**Aim of the exercise**
Only lines with the string "moreover" matter here; gather them from the material below.

----------

(* Let $k\ge 1$ and let $P_{4k+1}$ be the path with vertices labeled $1,2,\dots,4k+1$ consecutively. Then $\tau(P_{4k+1})=k$, and for each vertex $v$, writing $v=4q+r$ with $0\le r<4$, $$TDV(v)=\begin{cases}q & \text{if } v\equiv 0 \pmod 4,\\ 0 & \text{if } v\equiv 1 \pmod 4,\\ k-q & \text{if } v\equiv 2 \pmod 4,\\ k & \text{if } v\equiv 3 \pmod 4.\end{cases}$$
   Context: A set $D \subseteq V(G)$ is a total dominating set of a graph $G$ if every vertex of $G$ has a neighbor in $D$. $\gamma_t(G)$ is the minimum cardinality of a total dominating set; a minimum one is a $\gamma_t(G)$-set. $\tau(G)$ is the number of $\gamma_t(G)$-sets and $TDV(v)$ is the number of $\gamma_t(P_{4k+1})$-sets containing $v$. *)

theory Defs
  imports Main
begin

definition is_tds :: "'a set \<Rightarrow> ('a \<Rightarrow> 'a \<Rightarrow> bool) \<Rightarrow> 'a set \<Rightarrow> bool" where
  "is_tds V adj D \<longleftrightarrow> D \<subseteq> V \<and> (\<forall>v\<in>V. \<exists>u\<in>D. adj v u)"

definition gamma_t :: "'a set \<Rightarrow> ('a \<Rightarrow> 'a \<Rightarrow> bool) \<Rightarrow> nat" where
  "gamma_t V adj = (LEAST m. \<exists>D. is_tds V adj D \<and> card D = m)"

definition gamma_t_sets :: "'a set \<Rightarrow> ('a \<Rightarrow> 'a \<Rightarrow> bool) \<Rightarrow> 'a set set" where
  "gamma_t_sets V adj = {D. is_tds V adj D \<and> card D = gamma_t V adj}"

definition tau :: "'a set \<Rightarrow> ('a \<Rightarrow> 'a \<Rightarrow> bool) \<Rightarrow> nat" where
  "tau V adj = card (gamma_t_sets V adj)"

definition TDV :: "'a set \<Rightarrow> ('a \<Rightarrow> 'a \<Rightarrow> bool) \<Rightarrow> 'a \<Rightarrow> nat" where
  "TDV V adj v = card {D \<in> gamma_t_sets V adj. v \<in> D}"

definition path_V :: "nat \<Rightarrow> nat set" where
  "path_V n = {1..n}"

definition path_adj :: "nat \<Rightarrow> nat \<Rightarrow> nat \<Rightarrow> bool" where
  "path_adj n u v \<longleftrightarrow> u \<in> {1..n} \<and> v \<in> {1..n} \<and> (v = u + 1 \<or> u = v + 1)"

end

theory Submission
  imports Defs
begin

text \<open>Cut the vertices into the blocks \<open>{4i, ..., 4i+3}\<close> for \<open>i < k\<close> and the final block
  \<open>{4k, 4k+1}\<close>. Dominating \<open>4i+1\<close> and \<open>4i+2\<close> forces two vertices of a total dominating set \<open>D\<close>
  into every full block, and dominating \<open>4k+1\<close> forces \<open>4k \<in> D\<close>; hence \<open>|D| \<ge> 2k+1\<close>.
  If equality holds, every block is tight, and propagating domination along the path shows
  that \<open>D\<close> contains all \<open>4i+3\<close>, no \<open>4i+1\<close>, the vertices \<open>4i\<close> exactly for \<open>i\<close> from some
  threshold \<open>j \<ge> 1\<close> on, and \<open>4i+2\<close> exactly for \<open>i < j\<close>. So the \<open>\<gamma>\<^sub>t\<close>-sets are these \<open>k\<close> sets,
  and \<open>TDV(v)\<close> counts the thresholds \<open>j\<close> whose set contains \<open>v\<close>.\<close>

lemma is_tds_path_iff:
  "is_tds (path_V n) (path_adj n) D \<longleftrightarrow>
     D \<subseteq> {1..n} \<and> (\<forall>v\<in>{1..n}. v - 1 \<in> D \<or> v + 1 \<in> D)"
proof -
  have "(\<exists>u\<in>D. path_adj n v u) \<longleftrightarrow> v - 1 \<in> D \<or> v + 1 \<in> D"
    if "D \<subseteq> {1..n}" "v \<in> {1..n}" for v
  proof
    assume "\<exists>u\<in>D. path_adj n v u"
    then show "v - 1 \<in> D \<or> v + 1 \<in> D"
      unfolding path_adj_def by (metis diff_add_inverse2)
  next
    assume "v - 1 \<in> D \<or> v + 1 \<in> D"
    then show "\<exists>u\<in>D. path_adj n v u"
      using that unfolding path_adj_def by (metis atLeastAtMost_iff le_add_diff_inverse2 subsetD)
  qed
  then show ?thesis
    unfolding is_tds_def path_V_def by blast
qed

text \<open>The simplifier rewrites \<open>n + 1\<close> and \<open>n + 2\<close> to \<open>Suc\<close>-terms; extending this to \<open>n + 3\<close>
  keeps vertex names like \<open>4*i+3\<close> in one normal form.\<close>

lemma add_3_eq_Suc' [simp]: "n + 3 = Suc (Suc (Suc n))"
  by simp

lemma mod4_cases:
  fixes x :: nat
  obtains (0) q where "x = 4*q" | (1) q where "x = 4*q+1"
    | (2) q where "x = 4*q+2" | (3) q where "x = 4*q+3"
proof -
  have x: "x = 4 * (x div 4) + x mod 4"
    by simp
  have "x mod 4 = 0 \<or> x mod 4 = 1 \<or> x mod 4 = 2 \<or> x mod 4 = 3"
    by arith
  then show thesis
    using that x by (metis add.right_neutral)
qed

definition min_tds :: "nat \<Rightarrow> nat \<Rightarrow> nat set" where
  "min_tds k j = (\<lambda>q. 4*q) ` {j..k} \<union> (\<lambda>q. 4*q+2) ` {..<j} \<union> (\<lambda>q. 4*q+3) ` {..<k}"

lemma mem_min_tds:
  "4*q \<in> min_tds k j \<longleftrightarrow> j \<le> q \<and> q \<le> k"
  "4*q+1 \<notin> min_tds k j"
  "4*q+2 \<in> min_tds k j \<longleftrightarrow> q < j"
  "4*q+3 \<in> min_tds k j \<longleftrightarrow> q < k"
  unfolding min_tds_def by (auto; presburger)+

declare mem_min_tds[simplified, simp] \<comment> \<open>stored in the \<open>Suc\<close>-normal form of the vertex names\<close>

lemma card_min_tds: "j \<le> k \<Longrightarrow> card (min_tds k j) = 2*k+1"
proof -
  assume "j \<le> k"
  have "card (min_tds k j) = card ((\<lambda>q. 4*q) ` {j..k}) + card ((\<lambda>q. 4*q+2) ` {..<j})
      + card ((\<lambda>q. 4*q+3) ` {..<k})"
    unfolding min_tds_def
    by (subst card_Un_disjoint; (subst card_Un_disjoint)?; auto; presburger)
  also have "\<dots> = (k + 1 - j) + j + k"
    by (simp add: card_image inj_on_def)
  finally show ?thesis
    using \<open>j \<le> k\<close> by simp
qed

lemma inj_min_tds: "inj (min_tds k)"
proof (rule injI)
  fix a b assume "min_tds k a = min_tds k b"
  then have "4*q+2 \<in> min_tds k a \<longleftrightarrow> 4*q+2 \<in> min_tds k b" for q
    by simp
  then show "a = b"
    by (metis mem_min_tds(3) linorder_neqE_nat less_irrefl)
qed

lemma min_tds_is_tds:
  assumes "1 \<le> j" "j \<le> k"
  shows "is_tds (path_V (4*k+1)) (path_adj (4*k+1)) (min_tds k j)"
  unfolding is_tds_path_iff
proof (intro conjI subsetI ballI)
  fix x assume "x \<in> min_tds k j"
  then show "x \<in> {1..4*k+1}"
    using assms by (cases x rule: mod4_cases) auto
next
  fix v assume v: "v \<in> {1..4*k+1}"
  show "v - 1 \<in> min_tds k j \<or> v + 1 \<in> min_tds k j"
  proof (cases v rule: mod4_cases)
    case (0 q)
    with v have "v - 1 = 4*(q-1)+3" "q - 1 < k"
      by auto
    then show ?thesis
      by simp
  next
    case (1 q)
    with v show ?thesis
      by auto
  next
    case (2 q)
    with v show ?thesis
      by auto
  next
    case (3 q)
    with v have "v + 1 = 4*(q+1)" "q < k"
      by auto
    then show ?thesis
      using \<open>v = 4*q+3\<close> unfolding \<open>v + 1 = 4*(q+1)\<close> mem_min_tds(1) by auto
  qed
qed

definition block :: "nat set \<Rightarrow> nat \<Rightarrow> nat set" where
  "block D i = D \<inter> {4*i..<4*i+4}"

lemma sum_block_bounds: "(\<Sum>i\<le>k. if i < k then 2 else 1 :: nat) = 2*k+1"
proof -
  have "(\<Sum>i\<le>k. if i < k then 2 else 1 :: nat) = (\<Sum>i<k. 2) + 1"
    by (simp add: lessThan_Suc_atMost[symmetric])
  then show ?thesis by simp
qed

context
  fixes k :: nat and D :: "nat set"
  assumes tds: "is_tds (path_V (4*k+1)) (path_adj (4*k+1)) D"
begin

lemma tds_subset: "D \<subseteq> {1..4*k+1}"
  using tds by (simp add: is_tds_path_iff)

lemma tds_neighbour:
  assumes "v < 4*k+1"
  shows "v \<in> D \<or> v + 2 \<in> D"
proof -
  have "v + 1 \<in> {1..4*k+1}"
    using assms by simp
  with tds show ?thesis
    unfolding is_tds_path_iff by fastforce
qed

lemma tds_4i_or_4i2: "i < k \<Longrightarrow> 4*i \<in> D \<or> 4*i+2 \<in> D"
  using tds_neighbour[of "4*i"] by simp

lemma tds_4i1_or_4i3: "i < k \<Longrightarrow> 4*i+1 \<in> D \<or> 4*i+3 \<in> D"
  using tds_neighbour[of "4*i+1"] by simp

lemma tds_4k_mem: "4*k \<in> D"
  using tds_neighbour[of "4*k"] tds_subset by auto

lemma card_eq_sum_blocks: "card D = (\<Sum>i\<le>k. card (block D i))"
proof -
  have "D \<subseteq> (\<Union>i\<le>k. block D i)"
  proof
    fix x assume "x \<in> D"
    then have "x \<le> 4*k+1"
      using tds_subset by auto
    then have "x div 4 \<in> {..k}"
      by simp
    moreover have "x \<in> {4*(x div 4)..<4*(x div 4)+4}"
      by simp
    ultimately show "x \<in> (\<Union>i\<le>k. block D i)"
      using \<open>x \<in> D\<close> unfolding block_def by blast
  qed
  then have "D = (\<Union>i\<le>k. block D i)"
    unfolding block_def by blast
  moreover have "block D i \<inter> block D j = {}" if "i \<noteq> j" for i j
    using that unfolding block_def by auto
  ultimately show ?thesis
    using card_UN_disjoint[of "{..k}" "block D"] by (simp add: block_def)
qed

----------

**Exercise output**
    moreover have "x \<in> {4*(x div 4)..<4*(x div 4)+4}"
  moreover have "block D i \<inter> block D j = {}" if "i \<noteq> j" for i j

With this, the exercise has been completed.